The contacts burn up over time and causes the compressor to draw high amps. Since you have had multiple failures this summer with your line wiring, the contactor is probably burned up.

The new units only come out with a single pole contactor, leaving one leg energized, but when I work on them, I install a 30 amp two pole contactor with a 24 volt coil. I just did that on my house during my yearly coil cleaning a month ago and cleaned both with the inside coils and the outside condensing unit with a coil acid mixture and water hose. I've done ac and refrigeration work for 35 years as well.

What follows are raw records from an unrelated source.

(* Let $N,m,d$ be natural numbers with $d\geqslant m+1$, and let $c,C,\varepsilon$ be positive constants. Let $L:\mathbb{R}^d\to\mathbb{R}^m$ be a surjective linear map with $\Vert L\Vert_\infty\leqslant C$ and $\operatorname{dist}(L,V_{\mathrm{rank}}(m,d))\geqslant c$. Let $F:\mathbb{R}^d\to[0,1]$ be supported on $[-N,N]^d$ and $G:\mathbb{R}^m\to[0,1]$ supported on $[-\varepsilon,\varepsilon]^m$. Then $T^L_{F,G,N}(1,\dots,1)\ll_{c,C,\varepsilon}\Vert G\Vert_\infty$.
   Context: Matrices identified with linear maps; $\Vert L\Vert_\infty$ max absolute entry; $\operatorname{dist}$ is $\ell^\infty$ distance on entries; $V_{\mathrm{rank}}(m,d)$ is the set of $m\times d$ real matrices of rank $<m$; $\Vert G\Vert_\infty=\sup|G|$. $T^L_{F,G,N}(1,\dots,1)=N^{-(d-m)}\sum_{\mathbf n\in\mathbb{Z}^d}F(\mathbf n)G(L\mathbf n)$. Implied constants depend on $c,C,\varepsilon,m,d$. *)

theory Defs
  imports "HOL-Analysis.Analysis"
begin

definition mat_sup_norm :: "real^'d^'m \<Rightarrow> real" where
  "mat_sup_norm A = Max {\<bar>A $ i $ j\<bar> | i j. True}"

definition dist_lowrank :: "real^'d^'m \<Rightarrow> real" where
  "dist_lowrank A = Inf {mat_sup_norm (A - M) | M. rank M < CARD('m)}"

definition lattice :: "(real^'d) set" where
  "lattice = {n. \<forall>i. n $ i \<in> \<int>}"

definition T_form :: "real^'d^'m \<Rightarrow> (real^'d \<Rightarrow> real) \<Rightarrow> (real^'m \<Rightarrow> real) \<Rightarrow> nat \<Rightarrow> real" where
  "T_form L F G N = real N powr (- (real CARD('d) - real CARD('m)))
     * (\<Sum>\<^sub>\<infinity>n\<in>lattice. F n * G (L *v n))"

end

theory Submission
  imports Defs
begin

text \<open>A bounded matrix at entrywise distance at least c from the matrices of rank < m ranges over
  a compact set of full-rank matrices, so one of its m \<times> m column minors has determinant at
  least some \<delta>(c, C) > 0 in absolute value. Two lattice points of [-N, N]^d whose images under L
  lie in [-\<epsilon>, \<epsilon>]^m and which agree outside the columns of that minor differ by an integer
  vector z supported on those columns with |L z| \<le> 2\<epsilon>; by Cramer's rule z is bounded in terms
  of C, \<epsilon> and \<delta>. So there are O(N^(d-m)) such lattice points, each contributing at most
  sup |G| to the sum.\<close>

lemma finite_abs_entries: "finite {\<bar>A $ i $ j\<bar> | i j. True}" for A :: "real^'d^'m"
proof -
  have "{\<bar>A $ i $ j\<bar> | i j. True} = (\<lambda>(i,j). \<bar>A $ i $ j\<bar>) ` UNIV" by auto
  then show ?thesis by simp
qed

lemma abs_entry_le_mat_sup_norm: "\<bar>A $ i $ j\<bar> \<le> mat_sup_norm A" for A :: "real^'d^'m"
  unfolding mat_sup_norm_def by (rule Max_ge[OF finite_abs_entries]) blast

lemma mat_sup_norm_nonneg: "0 \<le> mat_sup_norm A" for A :: "real^'d^'m"
  using abs_entry_le_mat_sup_norm[of A] abs_ge_zero order_trans by blast

lemma mat_sup_norm_le_norm: "mat_sup_norm A \<le> norm A" for A :: "real^'d^'m"
proof -
  have "\<bar>A $ i $ j\<bar> \<le> norm A" for i j
    using Finite_Cartesian_Product.norm_nth_le[of "A $ i" j]
      Finite_Cartesian_Product.norm_nth_le[of A i] by simp
  then show ?thesis
    unfolding mat_sup_norm_def using Max_le_iff[OF finite_abs_entries] by blast
qed

lemma dist_lowrank_le_mat_sup_norm:
  fixes A M :: "real^'d^'m"
  assumes "rank M < CARD('m)"
  shows "dist_lowrank A \<le> mat_sup_norm (A - M)"
  unfolding dist_lowrank_def
proof (rule cInf_lower)
  show "bdd_below {mat_sup_norm (A - M) |M. rank M < CARD('m)}"
    by (rule bdd_belowI[where m=0]) (auto simp: mat_sup_norm_nonneg)
qed (use assms in auto)

lemma norm_le_entry_bound:
  fixes A :: "real^'d^'m"
  assumes "\<And>i j. \<bar>A $ i $ j\<bar> \<le> C"
  shows "norm A \<le> real CARD('m) * (real CARD('d) * C)"
proof -
  have row: "norm (A $ i) \<le> real CARD('d) * C" for i
  proof -
    have "norm (A $ i) \<le> (\<Sum>j\<in>UNIV. norm (A $ i $ j))"
      unfolding norm_vec_def by (rule L2_set_le_sum) simp
    also have "\<dots> \<le> (\<Sum>j\<in>(UNIV::'d set). C)" by (rule sum_mono) (use assms in auto)
    finally show ?thesis by simp
  qed
  have "norm A \<le> (\<Sum>i\<in>UNIV. norm (A $ i))"
    unfolding norm_vec_def by (rule L2_set_le_sum) simp
  also have "\<dots> \<le> (\<Sum>i\<in>(UNIV::'m set). real CARD('d) * C)" by (rule sum_mono) (use row in auto)
  finally show ?thesis by simp
qed

lemma abs_det_le_fact_mult_power:
  fixes B :: "real^'n^'n"
  assumes "\<And>i j. \<bar>B $ i $ j\<bar> \<le> M"
  shows "\<bar>det B\<bar> \<le> fact CARD('n) * M ^ CARD('n)"
proof -
  have "\<bar>det B\<bar> \<le> (\<Sum>p\<in>{p. p permutes (UNIV::'n set)}. \<bar>of_int (sign p) * (\<Prod>i\<in>UNIV. B $ i $ p i)\<bar>)"
    unfolding det_def by (rule sum_abs)
  also have "\<dots> \<le> (\<Sum>p\<in>{p. p permutes (UNIV::'n set)}. M ^ CARD('n))"
  proof (rule sum_mono)
    fix p
    have "(\<Prod>i\<in>UNIV. \<bar>B $ i $ p i\<bar>) \<le> (\<Prod>i\<in>(UNIV::'n set). M)"
      by (rule prod_mono) (use assms in auto)
    then show "\<bar>of_int (sign p) * (\<Prod>i\<in>UNIV. B $ i $ p i)\<bar> \<le> M ^ CARD('n)"
      by (simp add: abs_mult abs_prod sign_def)
  qed
  also have "\<dots> = fact CARD('n) * M ^ CARD('n)"
    by (simp add: card_permutations)
  finally show ?thesis .
qed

After Ike, I can make a quick service call to help you out.....


----------



## Wayne A. Pflughaupt (Apr 13, 2006)

Mike, just wanted to say it's really nice to have an audiophile around here who's also bonafide electrician. That's all carry on! :T

Regards,
Wayne


----------



## Sonnie (Apr 11, 2006)

I like the fact he makes service calls at 12 hours away... for free. :bigsmile:


----------



## Mike Cason (Mar 17, 2007)

Sonnie said:


> I like the fact he makes service calls at 12 hours away... for free. :bigsmile:


Yes those 12 hours are indeed free, the hours I spend in a luxury motel on the return trip which you will find billed at the bottom of the invoice..:rofl:

Be sure to check the a.c.'s grounding too Sonnie....

Wayne, I'm always glad to help....I don't have my company registered in Katy or Houston, but am always glad to do voltage drop calculations and offer suggestions for you guys.

Mike


----------